Hello stackoverflow community.
I had an argument at work regarding if repository tests for spring-data JPA (or the Micronaut version) are necessary at all.
This would be my setup of the application:
@Controller
➡ @Service
/@Sigleton
➡ Repository<Entity>
in my service tests I'd use the @ExtendWith(SpringExtension::class)
extension (Junit5)
when creating the test setup, I'd @MockBean
away other systems I need to call (like REST-APIs) but @Autowire
my Repository
's.
When setting up my test data I'd simply save my required entities into an H2 in-memory database by using the injected repositories.
This will test my database logic and business logic as well. In case of 100% test coverage I've tested all the database calls which can happen in production.
However what I usually see in projects is that the Repository
is mocked away.
To test the custom repository calls there are separate Tests to make sure the repository functions work as expected.
What are your comments on this. Do you prefer the approach without repository mocks or with and why?
I have no experience with Micronaut, but I believe my answer will apply to both of the frameworks:
There are different types of integration tests supported by spring for example. Basically the fact that you're running a spring context in the test, already means that its more than a unit test. In general the Spring test package is for integration tests.
Now in Spring there are annotations like @DataJpaTest
, @WebMvcTest
. They create a "slice" of application context loading only necessary beans, and mocking / omitting others.
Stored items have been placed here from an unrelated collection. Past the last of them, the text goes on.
fun path_prod :: "real \<Rightarrow> real \<Rightarrow> nat list \<Rightarrow> (nat \<Rightarrow> real) \<Rightarrow> real" where
  "path_prod c v [] x = schur_weight c v"
| "path_prod c v (j # js) x = hilbert_kernel c v (x j) * path_prod c (x j) js x"

lemma path_prod_upd_other: "j \<notin> set js \<Longrightarrow> path_prod c v js (x(j := y)) = path_prod c v js x"
  by (induction js arbitrary: v) auto

lemma path_prod_measurable:
  assumes "set js \<subseteq> I" "g \<in> borel_measurable (PiM I (\<lambda>_. lborel))"
  shows "(\<lambda>x. path_prod c (g x) js x) \<in> borel_measurable (PiM I (\<lambda>_. lborel))"
  using assms
proof (induction js arbitrary: g)
  case Nil
  then show ?case unfolding path_prod.simps schur_weight_def by measurable
next
  case (Cons j js)
  have "j \<in> I" using Cons.prems by simp
  then have [measurable]: "(\<lambda>x. x j) \<in> borel_measurable (PiM I (\<lambda>_. lborel))"
    by measurable
  then have [measurable]: "(\<lambda>x. path_prod c (x j) js x) \<in> borel_measurable (PiM I (\<lambda>_. lborel))"
    using Cons.prems by (intro Cons.IH) auto
  have [measurable]: "g \<in> borel_measurable (PiM I (\<lambda>_. lborel))"
    using Cons.prems by simp
  show ?case unfolding path_prod.simps hilbert_kernel_def by measurable
qed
For example, in @WebMvcTest
the JPA repositories are anot loaded at all.
You can also create your own slices.
Now If you want to check your rest layer (Controller is defined correctly, request is validated in a proper way, upon the request you're getting a response in a proper format and so forth) you can use @WebMvcTest
.
If you want to test that the sql queries are correct - that you can use @DataJpaTest
(assuming you work with JPA / Spring Data of course).
Now, If you want to test service logic, sometimes you don't even need an integration test (loading spring context) since you can run a unit test for services and mock out the repository calls or calls to external services if you have those.
Regarding the H2 approach. While people use it for testing their DB layer (SQL queries), sometimes it doesn't work exactly like your database in production. This means that sometimes you can't really run the same SQL query in tests. For these cases I recommend TestContainers project: run the Docker image of your db on startup of the test and stop the image after the test ends.
Update
Based on OP's comment:
lot of the 'mysql query' is already been taken care of by the framework, so why should I explicitly test the repository
This is subjective, but let me put it this way: Tests are a tool to gain a confidence a code for developer first of all. If the developer wants to be sure that the query behaves as expected then the test is a tool that can help. Specifically regarding Queries: Maybe the query is just wrong, maybe its a native query that should be checked anyway. Maybe there are many queries that run one after another. Its only up to you to decide.
Is it worth it to write Unit tests for services?
Well, this depends on what do the services actually do. If they run a complicated algorithm that can't be easily checked by integration tests (like service requires various mocks in various cases) then unit tests for services can be done.
Besides, in general, unit tests are way faster than Spring's tests. So (again subjective) my personal rule is: if you can gain the confidence in code with unit test - do it. If you need to check integration - go for integration test.